Photo Credit NIAID
# 7007
Although we’ve known since the middle of last month (see HPA: UK NCoV Cluster Expands To Three Cases) that human-to-human transmission was strongly suspected in the recent UK family cluster of novel coronavirus cases, today we get considerably more detail via a Rapid Communications that appears in the journal Eurosurveillance.
Eurosurveillance, Volume 18, Issue 11, 14 March 2013
Rapid communications
The Health Protection Agency (HPA) UK Novel Coronavirus Investigation team
In February 2013, novel coronavirus (nCoV) infection was diagnosed in an adult male in the United Kingdom with severe respiratory illness, who had travelled to Pakistan and Saudi Arabia 10 days before symptom onset.
Contact tracing identified two secondary cases among family members without recent travel: one developed severe respiratory illness and died, the other an influenza-like illness. No other severe cases were identified or nCoV detected in respiratory samples among 135 contacts followed for 10 days.
What follows is long and fairly detailed account of the epidemiological investigation into these family members, and their contacts.
Interestingly, this investigation found that the index case, recently returned from Pakistan and Saudi Arabia, was co-infected with influenza A and that both family members who became infected were co-infected with Type 2 parainfluenza virus.
This raises the intriguing possibility that a respiratory virus co-infection might somehow influence the severity, and/or transmissibility of the NCoV virus.
At the same time, it serves to remind us that a positive influenza rapid test doesn’t necessarily rule out the possibility of a concurrent NCoV infection.
In the index case described in this report, a presumptive diagnosis of Influenza A was made on February 1st, and the NCoV diagnosis was not made until a full week later.
The third member of this family cluster only developed mild symptoms, and did not require hospitalization. This being the first clear indication that mild cases may be present, giving rise to the following commentary from this paper:
. . . This first reported case of a milder nCoV illness raises the possibility that the spectrum of clinical disease maybe wider than initially envisaged, and that a significant proportion of cases now or in the future might be milder or even asymptomatic.

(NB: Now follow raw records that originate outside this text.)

lemma M0_measure_density:
  fixes g :: "real \<Rightarrow> real"
  assumes \<mu>: "M0_measure \<mu>" and g: "g \<in> borel_measurable borel"
    and bounds: "\<And>t. 0 \<le> t \<Longrightarrow> t < 1 \<Longrightarrow> 0 \<le> g t \<and> g t \<le> K"
  shows "M0_measure (density \<mu> (\<lambda>x. ennreal (g x)))"
proof (rule M0_measureI)
  have sb: "sets \<mu> = sets borel" using \<mu> by (simp add: M0_measure_def)
  have gm: "g \<in> borel_measurable \<mu>" by (rule measurable_sets_borel[OF sb g])
  have g_nonneg: "AE x in \<mu>. 0 \<le> g x"
    using AE_M0_measure[OF \<mu>] by eventually_elim (use bounds in auto)
  show "sets (density \<mu> (\<lambda>x. ennreal (g x))) = sets borel" by (simp add: sb)
  have "emeasure (density \<mu> (\<lambda>x. ennreal (g x))) (- {0..<1})
      = (\<integral>\<^sup>+x. ennreal (g x) * indicator (- {0..<1}) x \<partial>\<mu>)"
    using gm sb by (simp add: emeasure_density)
  also have "\<dots> = (\<integral>\<^sup>+x. 0 \<partial>\<mu>)"
  proof (rule nn_integral_cong_AE)
    show "AE x in \<mu>. ennreal (g x) * indicator (- {0..<1}) x = 0"
      using AE_M0_measure[OF \<mu>] by eventually_elim simp
  qed
  finally show "emeasure (density \<mu> (\<lambda>x. ennreal (g x))) (- {0..<1}) = 0" by simp
  have "integrable \<mu> (\<lambda>x. g x *\<^sub>R (1 / (1 - x)))"
  proof (rule integrable_M0_measure_dominated[OF \<mu>, where C = K])
    fix t :: real assume t: "0 \<le> t" "t < 1"
    then show "\<bar>g t *\<^sub>R (1 / (1 - t))\<bar> \<le> K / (1 - t)"
      using bounds[OF t] by (simp add: abs_mult divide_right_mono)
  qed (use g in measurable)
  then show "integrable (density \<mu> (\<lambda>x. ennreal (g x))) (\<lambda>t. 1 / (1 - t))"
    using gm g_nonneg by (subst integrable_density) (auto intro: measurable_sets_borel[OF sb])
qed

lemma moments_density_cauchy_transform:
  assumes \<mu>: "M0_measure \<mu>" and \<nu>: "M0_measure \<nu>"
  shows "(\<lambda>i. (\<integral>t. t ^ (l + i) \<partial>\<mu>) * (\<integral>t. t ^ i \<partial>\<nu>))
           sums (\<integral>t. t ^ l \<partial>density \<mu> (\<lambda>x. ennreal (cauchy_transform \<nu> x)))"
proof -
  define g where "g = cauchy_transform \<nu>"
  define m where "m i = (\<integral>t. t ^ i \<partial>\<nu>)" for i
  have sb: "sets \<mu> = sets borel" using \<mu> by (simp add: M0_measure_def)
  have gb: "g \<in> borel_measurable borel"
    using \<nu> unfolding g_def M0_measure_def by (intro borel_measurable_cauchy_transform) auto
  then have gm: "g \<in> borel_measurable \<mu>" by (rule measurable_sets_borel[OF sb])
  have g_powser: "(\<lambda>i. m i * t ^ i) sums g t" if "0 \<le> t" "t < 1" for t
    using tendsto_uniform_limitI[OF cauchy_transform_powser[OF \<nu>], of t] that
    by (simp add: sums_def m_def g_def)
  have m_nonneg: "0 \<le> m i" for i
    unfolding m_def using AE_M0_measure[OF \<nu>] by (intro integral_nonneg_AE) (auto elim!: eventually_mono)
  have g_bounds: "0 \<le> g t \<and> g t \<le> g 1" if "0 \<le> t" "t < 1" for t
    using cauchy_transform_bounds[OF \<nu> that] measure_nonneg[of \<nu> "space \<nu>"]
    unfolding g_def by linarith
  have partial_bound: "\<bar>\<Sum>i<n. m i * t ^ (l + i)\<bar> \<le> g 1" if t: "0 \<le> t" "t < 1" for t n
  proof -
    have "(\<Sum>i<n. m i * t ^ (l + i)) \<le> (\<Sum>i<n. m i * t ^ i)"
      using t m_nonneg by (intro sum_mono mult_left_mono) (simp_all add: power_add mult_left_le_one_le power_le_one)
    also have "\<dots> \<le> (\<Sum>i. m i * t ^ i)"
      using g_powser[OF t] m_nonneg t by (intro sum_le_suminf) (auto simp: sums_iff)
    also have "\<dots> = g t"
      using g_powser[OF t] by (simp add: sums_iff)
    finally show ?thesis
      using g_bounds[OF t] m_nonneg t by (simp add: sum_nonneg)
  qed
  have "(\<lambda>n. \<integral>t. (\<Sum>i<n. m i * t ^ (l + i)) \<partial>\<mu>) \<longlonglongrightarrow> (\<integral>t. g t * t ^ l \<partial>\<mu>)"
  proof (rule integral_dominated_convergence[where w = "\<lambda>t. g 1"])
    show "AE t in \<mu>. (\<lambda>n. \<Sum>i<n. m i * t ^ (l + i)) \<longlonglongrightarrow> g t * t ^ l"
      using AE_M0_measure[OF \<mu>]
    proof eventually_elim
      case (elim t)
      have "(\<lambda>i. t ^ l * (m i * t ^ i)) sums (t ^ l * g t)"
        using g_powser elim by (intro sums_mult) auto
      then show ?case
        by (simp add: sums_def power_add mult_ac)
    qed
    show "AE t in \<mu>. norm (\<Sum>i<n. m i * t ^ (l + i)) \<le> g 1" for n
      using AE_M0_measure[OF \<mu>] by eventually_elim (use partial_bound in auto)
    show "integrable \<mu> (\<lambda>t. g 1)"
      by (rule integrable_M0_measure_bounded[OF \<mu>, where B = "\<bar>g 1\<bar>"]) auto
  qed (use gb in \<open>auto intro!: measurable_sets_borel[OF sb] borel_measurable_times\<close>)
  moreover have "(\<integral>t. (\<Sum>i<n. m i * t ^ (l + i)) \<partial>\<mu>) = (\<Sum>i<n. (\<integral>t. t ^ (l + i) \<partial>\<mu>) * m i)" for n
  proof -
    have "integrable \<mu> (\<lambda>t. t ^ i)" for i
      by (rule integrable_M0_measure_bounded[OF \<mu>, where B = 1]) (auto simp: power_le_one)
    then show ?thesis by (simp add: Bochner_Integration.integral_sum mult.commute)
  qed
  moreover have "(\<integral>t. t ^ l \<partial>density \<mu> (\<lambda>x. ennreal (g x))) = (\<integral>t. g t * t ^ l \<partial>\<mu>)"
  proof -
    have "AE x in \<mu>. 0 \<le> g x"
      using AE_M0_measure[OF \<mu>] by eventually_elim (use g_bounds in auto)
    then show ?thesis
      using integral_density[of "\<lambda>t. t ^ l" \<mu> g] gm by (simp add: measurable_sets_borel[OF sb])
  qed
  ultimately show ?thesis
    by (simp add: sums_def m_def g_def)
qed

lemma bracket_eq:
  "bracket a b = (fst a * fst b, density (snd a) (\<lambda>x. ennreal (cauchy_transform (snd b) x)))"
  by (simp add: bracket_def cauchy_transform_def)

lemma bracket_in_M0:
  assumes a: "in_M0 a" and b: "in_M0 b"
  shows "in_M0 (bracket a b)"
proof -
  obtain sign_a: "fst a = 1 \<or> fst a = -1" and sign_b: "fst b = 1 \<or> fst b = -1"
    and supp_a: "infinite (msupp (snd a))" and supp_b: "infinite (msupp (snd b))"
    and \<mu>: "M0_measure (snd a)" and \<nu>: "M0_measure (snd b)"
    using a b by (auto simp: in_M0_iff in_M_def)
  define D where "D = density (snd a) (\<lambda>x. ennreal (cauchy_transform (snd b) x))"
  have sb: "sets (snd a) = sets borel" "sets (snd b) = sets borel"
    and fin: "finite_measure (snd b)"
    using \<mu> \<nu> by (auto simp: M0_measure_def)
  have g: "cauchy_transform (snd b) \<in> borel_measurable borel"
    by (rule borel_measurable_cauchy_transform[OF sb(2) fin])
  have bounds: "measure (snd b) (space (snd b)) \<le> cauchy_transform (snd b) t
      \<and> cauchy_transform (snd b) t \<le> cauchy_transform (snd b) 1" if "0 \<le> t" "t < 1" for t
    using cauchy_transform_bounds[OF \<nu> that] by simp
  have mass: "0 < measure (snd b) (space (snd b))"
    using measure_space_pos_if_msupp_nonempty[OF sb(2) fin] supp_b by force
  have D: "M0_measure D"
    unfolding D_def
    by (rule M0_measure_density[OF \<mu> g]) (use bounds mass in \<open>auto intro: order_trans[OF less_imp_le]\<close>)
  have "msupp (snd a) \<subseteq> msupp D"
    unfolding D_def
  proof (rule msupp_subset_density[OF sb(1) g _ mass])
    show "AE x in snd a. measure (snd b) (space (snd b)) \<le> cauchy_transform (snd b) x"
      using AE_M0_measure[OF \<mu>] by eventually_elim (use bounds in auto)
  qed
  then have "infinite (msupp D)" using supp_a infinite_super by blast
  moreover have "emeasure D (- {0..1}) = 0"
  proof -
    have "- {0..1} \<subseteq> - {0..<1::real}" by auto
    from emeasure_mono[OF this, of D] show ?thesis using D by (simp add: M0_measure_def)
  qed
  ultimately have "in_M (bracket a b)"
    using sign_a sign_b D by (auto simp: bracket_eq D_def[symmetric] in_M_def M0_measure_def)
  then show ?thesis
    using D by (simp add: in_M0_iff bracket_eq D_def)
qed

lemma bracket_moments:
  assumes "in_M0 a" "in_M0 b"
  shows "(\<lambda>i. sint a (\<lambda>t. t ^ (l + i)) * sint b (\<lambda>t. t ^ i)) sums sint (bracket a b) (\<lambda>t. t ^ l)"
  using sums_mult[OF moments_density_cauchy_transform[of "snd a" "snd b" l], of "fst a * fst b"] assms
  by (simp add: in_M0_iff sint_def bracket_eq mult_ac)

lemma powser_coeffs_unique:
  fixes a b :: "nat \<Rightarrow> real"
  assumes "0 < r"
    and a: "\<And>x. \<bar>x\<bar> < r \<Longrightarrow> (\<lambda>i. a i * x ^ i) sums f x"
    and b: "\<And>x. \<bar>x\<bar> < r \<Longrightarrow> (\<lambda>i. b i * x ^ i) sums f x"
  shows "a = b"
proof -
  define d where "d i = a i - b i" for i
  have d: "(\<lambda>i. d i * x ^ i) sums 0" if "\<bar>x\<bar> < r" for x
    using sums_diff[OF a[OF that] b[OF that]] by (simp add: d_def left_diff_distrib)
  have "d n = 0" for n
  proof (induction n rule: less_induct)
    case (less n)
    have "(\<lambda>i. d (i + n) * x ^ i) sums 0" if "x \<noteq> 0" "norm x < r" for x
    proof -
      have "(\<lambda>i. d (i + n) * x ^ (i + n)) sums 0"
        using sums_split_initial_segment[OF d[of x], of n] less that by simp
      from sums_mult[OF this, of "1 / x ^ n"] show ?thesis
        using that by (simp add: power_add field_simps)
    qed
    then have "((\<lambda>x. 0) \<longlongrightarrow> d (0 + n)) (at (0 :: real))"
      by (intro powser_limit_0_strong[OF \<open>0 < r\<close>]) auto
    then show ?case by (simp add: tendsto_const_iff)
  qed
  then show ?thesis by (auto simp: d_def fun_eq_iff)
qed

definition nikishin :: "(nat \<Rightarrow> smeasure) \<Rightarrow> nat \<Rightarrow> nat \<Rightarrow> smeasure" where
  "nikishin sig k j = nik (map sig [k..<j+1])"

lemma nikishin_same: "nikishin sig k k = sig k"
  by (simp add: nikishin_def)

lemma nikishin_step: "k < j \<Longrightarrow> nikishin sig k j = bracket (sig k) (nikishin sig (Suc k) j)"
  by (cases "[Suc k..<j+1]") (simp_all add: nikishin_def upt_conv_Cons del: upt_Suc)

lemma nikishin_in_M0:
  assumes "k \<le> j" "\<And>i. k \<le> i \<Longrightarrow> i \<le> j \<Longrightarrow> in_M0 (sig i)"
  shows "in_M0 (nikishin sig k j)"
  using assms
proof (induction k rule: inc_induct)
  case base
  then show ?case by (simp add: nikishin_same)
next
  case (step k)
  then show ?case by (simp add: nikishin_step bracket_in_M0)
qed

lemma nikishin_moments:
  assumes sig:
      "\<And>k. k \<in> {1..p} \<Longrightarrow> in_M0 (sig k) \<and> (\<forall>i. lam i k k = sint (sig k) (\<lambda>t. t ^ i))"
    and rec: "\<forall>k\<in>{1..<p}. \<forall>j\<in>{k+1..p}. \<forall>l.
                (\<lambda>i. lam (l + i) k k * lam i j (k + 1)) sums lam l j k"
    and "k \<le> j" "1 \<le> k" "j \<le> p"
  shows "in_M0 (nikishin sig k j) \<and> (\<forall>i. sint (nikishin sig k j) (\<lambda>t. t ^ i) = lam i j k)"
  using assms(3-)
proof (induction k rule: inc_induct)
  case base
  then show ?case using sig[of j] by (simp add: nikishin_same)
next
  case (step k)
  then have IH: "in_M0 (nikishin sig (Suc k) j)"
      "\<And>i. sint (nikishin sig (Suc k) j) (\<lambda>t. t ^ i) = lam i j (Suc k)"
    and k: "in_M0 (sig k)" "\<And>i. lam i k k = sint (sig k) (\<lambda>t. t ^ i)"
    using sig[of k] by auto
  have eq: "nikishin sig k j = bracket (sig k) (nikishin sig (Suc k) j)"
    using step by (simp add: nikishin_step)
  have "sint (nikishin sig k j) (\<lambda>t. t ^ l) = lam l j k" for l
  proof (rule sums_unique2)
    show "(\<lambda>i. lam (l + i) k k * lam i j (k + 1)) sums sint (nikishin sig k j) (\<lambda>t. t ^ l)"
      using bracket_moments[OF k(1) IH(1), of l] by (simp add: eq k(2)[symmetric] IH(2))
    show "(\<lambda>i. lam (l + i) k k * lam i j (k + 1)) sums lam l j k"
      using rec step by auto
  qed
  then show ?case using bracket_in_M0[OF k(1) IH(1)] eq by simp
qed

lemma moment_sequences_of_nikishin_system:
  assumes sig: "\<forall>j\<in>{1..p}. in_M0 (sig j)"
    and lim: "\<forall>j\<in>{1..p}. uniform_limit {-1..1} (\<lambda>n x. \<Sum>i<n. lam1 i j * x ^ i)
                (ctr (nik (map sig [1..<j+1]))) sequentially"
  shows "\<exists>lam :: nat \<Rightarrow> nat \<Rightarrow> nat \<Rightarrow> real.
            (\<forall>j\<in>{1..p}. \<forall>i. lam i j 1 = lam1 i j) \<and>
            (\<forall>k\<in>{1..<p}. \<forall>j\<in>{k+1..p}. \<forall>l.
                (\<lambda>i. lam (l + i) k k * lam i j (k + 1)) sums lam l j k) \<and>
            (\<forall>k\<in>{1..p}. \<forall>j\<in>{k..p}. rhmp_solvable (\<lambda>i. lam i j k))"
proof -
  define lam where "lam i j k = sint (nikishin sig k j) (\<lambda>t. t ^ i)" for i j k
  have M0: "in_M0 (nikishin sig k j)" if "1 \<le> k" "k \<le> j" "j \<le> p" for k j
    using that sig by (intro nikishin_in_M0) auto
  have coeffs: "lam i j 1 = lam1 i j" if j: "j \<in> {1..p}" for i j
  proof -
    have "(\<lambda>i. lam1 i j) = (\<lambda>i. lam i j 1)"
    proof (rule powser_coeffs_unique[where r = 1])
      fix x :: real assume "\<bar>x\<bar> < 1"
      then have x: "x \<in> {-1..1}" by auto
      show "(\<lambda>i. lam1 i j * x ^ i) sums ctr (nikishin sig 1 j) x"
        using tendsto_uniform_limitI[OF lim[rule_format, OF j] x] by (simp add: sums_def nikishin_def)
      show "(\<lambda>i. lam i j 1 * x ^ i) sums ctr (nikishin sig 1 j) x"
        using tendsto_uniform_limitI[OF ctr_powser x] M0[of 1 j] j
        by (simp add: sums_def lam_def in_M0_iff)
    qed simp
    then show ?thesis by (simp add: fun_eq_iff)
  qed
  have recurrence: "(\<lambda>i. lam (l + i) k k * lam i j (k + 1)) sums lam l j k"
    if "k \<in> {1..<p}" "j \<in> {k+1..p}" for k j l
    using bracket_moments[of "sig k" "nikishin sig (Suc k) j" l] that sig M0[of "Suc k" j]
    by (simp add: lam_def nikishin_same nikishin_step)
  have "rhmp_solvable (\<lambda>i. lam i j k)" if "k \<in> {1..p}" "j \<in> {k..p}" for k j
    unfolding rhmp_solvable_def lam_def using M0[of k j] that by (intro exI[of _ "nikishin sig k j"]) auto
  with coeffs recurrence show ?thesis by (intro exI[of _ lam]) blast
qed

This highlights the importance of intensive contact tracing and virological and serological follow-up around all confirmed cases of nCoV. The application of recently developed serological assays in one case¬–contact study did not provide evidence of asymptomatic infection, although the contacts investigated were exposed late in the case’s illness, when the viral load might be lower [11].
Paired sera are being gathered from contacts in this current investigation to determine whether there may have been more widespread mild or asymptomatic infection.
We also learn that – based on a very limited dataset – NCoV appears to have a:
`putative incubation period ranging from one to nine days and a serial interval (time between onset of illness in index case and secondary case) of 13 to 14 days.’
This is a fascinating report, well worth reading in its entirety. I’ve only excerpted a few of the highlights.
The authors write towards the end:
Public health implications
These findings suggest that although person-to-person infection is possible, there is no evidence at present of sustained person-to-person transmission of nCoV in the UK in relation to this cluster. The limited transmissibility is consistent with the data available to date, with only two other reports of small, self-limited clusters of severe disease in the Middle East: one in a healthcare setting and the other in a household setting [5].
Furthermore, intensive follow-up of close contacts of two other cases imported to European countries has failed to demonstrate onward transmission [10,11].
<SNIP>
All confirmed nCoV cases detected to date, apart from the two secondary cases in the UK cluster, spent time in the Middle East during the putative incubation period. This, together with our observations of limited secondary transmission, highlights the importance of ongoing vigilance and rapid investigation of cases of severe respiratory illness in residents of and travellers from that area.
Further work is required to determine how widely nCoV is circulating globally. In particular serological investigations are needed on the extent of recent infection in various populations, as well as virological investigation of cases of severe undiagnosed respiratory illness in settings both in and beyond the Middle East.
While researchers are obviously learning more about NCoV with each passing day (see Nature: Receptor For NCoV Found), it may be some time before they can tell us just how much, or how little, a public health threat this emerging virus actually poses.
For now, enhanced surveillance and vigilance in contract tracing is key.